Underpinning these strategies is the development of students’ knowledge and skills in information communication technologies (ICT) to ensure successful participation in this learning environment. Teachers have a pivotal role in identifying the ICT demands of their learning area and designing activities that integrate learning about ICT and improving skills in relation to learning about their subject.

  • Teachers need to be equipped with the necessary knowledge and skills to design a technology-rich learning environment to enrich students’ learning
Thorough teacher professional learning supported by innovative ready-to-use curriculum resources is essential in creating learning environments where these technologies will be used by students to learn more in novel and interesting ways.

Teachers are seeking subject-specific training with practical solutions for key learning areas, with a focus on how to utilise the technology in the classroom extending across a range of programs and their applications.

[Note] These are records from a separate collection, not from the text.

lemma moment_matrix_less: "0 < p \<Longrightarrow> moment_matrix p k t w i j < p"
  by (simp add: moment_matrix_def)

lemma mod_add_left_cancel_less:
  fixes a b b' p :: nat
  assumes "(a + b) mod p = (a + b') mod p" and "b < p" and "b' < p"
  shows "b = b'"
proof -
  have "int p dvd (int a + int b) - (int a + int b')"
    using assms(1) by (metis mod_eq_dvd_iff of_nat_add of_nat_mod)
  then show ?thesis using eq_if_int_dvd_diff_less assms(2,3) by simp
qed

lemma moment_matrix_inj:
  assumes "t \<in> Fpn p m" "t' \<in> Fpn p m"
    and "w \<in> Fpn p (m * (k - 1))" "w' \<in> Fpn p (m * (k - 1))"
    and eq: "\<forall>i<m. \<forall>j<k. moment_matrix p k t w i j = moment_matrix p k t' w' i j" and "1 \<le> k"
  shows "t = t'" and "w = w'"
proof -
  have column_0: "moment_matrix p k s v i 0 = s i" if "s \<in> Fpn p m" "i < m" for s v i
    using that by (simp add: moment_matrix_def moment_perturbation_def Fpn_def)
  show t: "t = t'"
  proof
    fix i
    show "t i = t' i"
      using eq \<open>1 \<le> k\<close> assms(1,2) column_0[of t i w] column_0[of t' i w']
      by (cases "i < m") (auto simp: Fpn_def)
  qed
  show "w = w'"
  proof
    fix l
    show "w l = w' l"
    proof (cases "l < m * (k - 1)")
      case True
      define i where "i = l div (k - 1)"
      define j where "j = Suc (l mod (k - 1))"
      have "0 < k - 1" using True by (cases "k - 1 = 0") auto
      then have "l mod (k - 1) < k - 1" by simp
      then have "i < m" "j < k" "i * (k - 1) + (j - 1) = l"
        using True by (auto simp: i_def j_def less_mult_imp_div_less div_mult_mod_eq)
      then have "moment_matrix p k t w i j = moment_matrix p k t' w' i j"
        and "moment_perturbation k v i j = v l" for v
        using eq by (auto simp: moment_perturbation_def j_def)
      then have "(t i ^ Suc j + w l) mod p = (t i ^ Suc j + w' l) mod p"
        using t by (simp add: moment_matrix_def)
      moreover have "w l < p" "w' l < p" using assms(3,4) True by (auto simp: Fpn_def)
      ultimately show ?thesis by (rule mod_add_left_cancel_less)
    next
      case False
      then show ?thesis using assms(3,4) by (simp add: Fpn_def)
    qed
  qed
qed

definition incidence_poly :: "nat \<Rightarrow> nat \<Rightarrow> (nat \<Rightarrow> nat) \<Rightarrow> (nat \<Rightarrow> nat) \<Rightarrow> nat \<Rightarrow> int poly" where
  "incidence_poly m k w \<xi> i =
     (\<Sum>j<k. monom (int (\<xi> (m + j))) (Suc j)) +
     [:(\<Sum>j<k. int (moment_perturbation k w i j) * int (\<xi> (m + j))) - int (\<xi> i):]"

lemma degree_incidence_poly: "degree (incidence_poly m k w \<xi> i) \<le> k"
proof -
  have "degree (\<Sum>j<k. monom (int (\<xi> (m + j))) (Suc j)) \<le> k"
    by (rule degree_sum_le) (auto intro: order.trans[OF degree_monom_le])
  then show ?thesis unfolding incidence_poly_def by (intro degree_add_le) auto
qed

lemma coeff_incidence_poly_Suc:
  assumes "j < k"
  shows "coeff (incidence_poly m k w \<xi> i) (Suc j) = int (\<xi> (m + j))"
proof -
  have "coeff (incidence_poly m k w \<xi> i) (Suc j) = (\<Sum>j'<k. if j' = j then int (\<xi> (m + j')) else 0)"
    by (simp add: incidence_poly_def coeff_sum coeff_monom)
  then show ?thesis using assms by simp
qed

lemma poly_incidence_poly:
  "poly (incidence_poly m k w \<xi> i) x =
     (\<Sum>j<k. (x ^ Suc j + int (moment_perturbation k w i j)) * int (\<xi> (m + j))) - int (\<xi> i)"
  by (simp add: incidence_poly_def poly_sum poly_monom sum_subtractf[symmetric] sum.distrib[symmetric] algebra_simps)

lemma incidence_poly_root:
  assumes "\<xi> \<in> graph_space p m k (moment_matrix p k t w)" and "i < m"
  shows "int p dvd poly (incidence_poly m k w \<xi> i) (int (t i))"
proof -
  let ?a = "\<lambda>j. t i ^ Suc j + moment_perturbation k w i j"
  have "\<xi> i = (\<Sum>j<k. (?a j mod p) * \<xi> (m + j)) mod p"
    using assms by (simp add: graph_space_def moment_matrix_def)
  also have "\<dots> = (\<Sum>j<k. ?a j * \<xi> (m + j)) mod p"
    by (subst (1 2) mod_sum_eq[symmetric]) (simp add: mod_mult_left_eq)
  finally have "int (\<xi> i) = (\<Sum>j<k. int (?a j) * int (\<xi> (m + j))) mod int p"
    by (simp add: of_nat_mod)
  then show ?thesis by (simp add: poly_incidence_poly mod_eq_dvd_iff[symmetric])
qed

lemma card_incident_moment_parameters:
  assumes "prime p" and \<xi>: "\<xi> \<in> Fpn p (m + k) - {zero_vec}"
  shows "card {t \<in> Fpn p m. \<xi> \<in> graph_space p m k (moment_matrix p k t w)} \<le> k ^ m"
proof (cases "\<forall>j<k. \<xi> (m + j) = 0")
  case True
  then have "{t \<in> Fpn p m. \<xi> \<in> graph_space p m k (moment_matrix p k t w)} = {}"
    using graph_space_top_zero \<xi> by blast
  then show ?thesis by (simp only: card.empty)
next
  case False
  then obtain j0 where j0: "j0 < k" "\<xi> (m + j0) \<noteq> 0" by blast
  moreover have "\<xi> (m + j0) < p" using j0(1) \<xi> by (simp add: Fpn_def)
  ultimately have "\<not> int p dvd int (\<xi> (m + j0))"
    by (auto dest: dvd_imp_le)
  then have nondegenerate: "\<not> [:int p:] dvd incidence_poly m k w \<xi> i" for i
    using coeff_incidence_poly_Suc[OF j0(1)] by (metis const_poly_dvd_iff)
  define R where "R i = {s\<in>{..<p}. int p dvd poly (incidence_poly m k w \<xi> i) (int s)}" for i
  have card_R: "card (R i) \<le> k" for i
    using card_roots_mod_prime_le_degree[OF assms(1) nondegenerate] degree_incidence_poly
    unfolding R_def by (rule order.trans)
  have "{t \<in> Fpn p m. \<xi> \<in> graph_space p m k (moment_matrix p k t w)} \<subseteq> vec_box m R"
    using incidence_poly_root by (auto simp: vec_box_def R_def Fpn_def)
  then have "card {t \<in> Fpn p m. \<xi> \<in> graph_space p m k (moment_matrix p k t w)} \<le> card (vec_box m R)"
    by (intro card_mono finite_vec_box) (simp_all add: R_def)
  also have "\<dots> \<le> k ^ m"
    using prod_mono[of "{..<m}" "\<lambda>i. card (R i)" "\<lambda>_. k"] card_R by (simp add: card_vec_box)
  finally show ?thesis .
qed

The interrelationship between curriculum, pedagogy and technology is at the core of education in the 21st century. The exploration of the concepts that students might learn better when empowered with laptops and investigating the effect of using laptops on student engagement and achievement is central to an approach to support the Laptops for Learning Program.

Wednesday, May 6, 2009

Emerging educational technologies

Becta recently released a paper (39 pp.) on emerging technologies in education which is well worth a read.

Here is preview:
"Research related to the learner and the learner’s context identified four emergent or potential future trends:

  • Consumption of multiple technologies by young people
  • Increased dependence of young people on mobile technologies for online social networking
  • Increased parental encouragement of their primary age children’s educational uses of computers in the home Increased use of TV-on-demand by young people in the home.


The research identified core trends ... affecting the development of learning technology relating to pedagogy and the curriculum. From the core trends, six cross-cutting trends emerge, which are the:

  • growing use of Web 2.0 technologies by young people
  • development of mobile, ubiquitous and contextual computing
  • impact of widespread capital building programmes
  • demand for increasingly technological skills in the workplace
    economic, social and technological drivers transforming the character and organisation of education and training
  • challenge to professional development of the teaching workforce."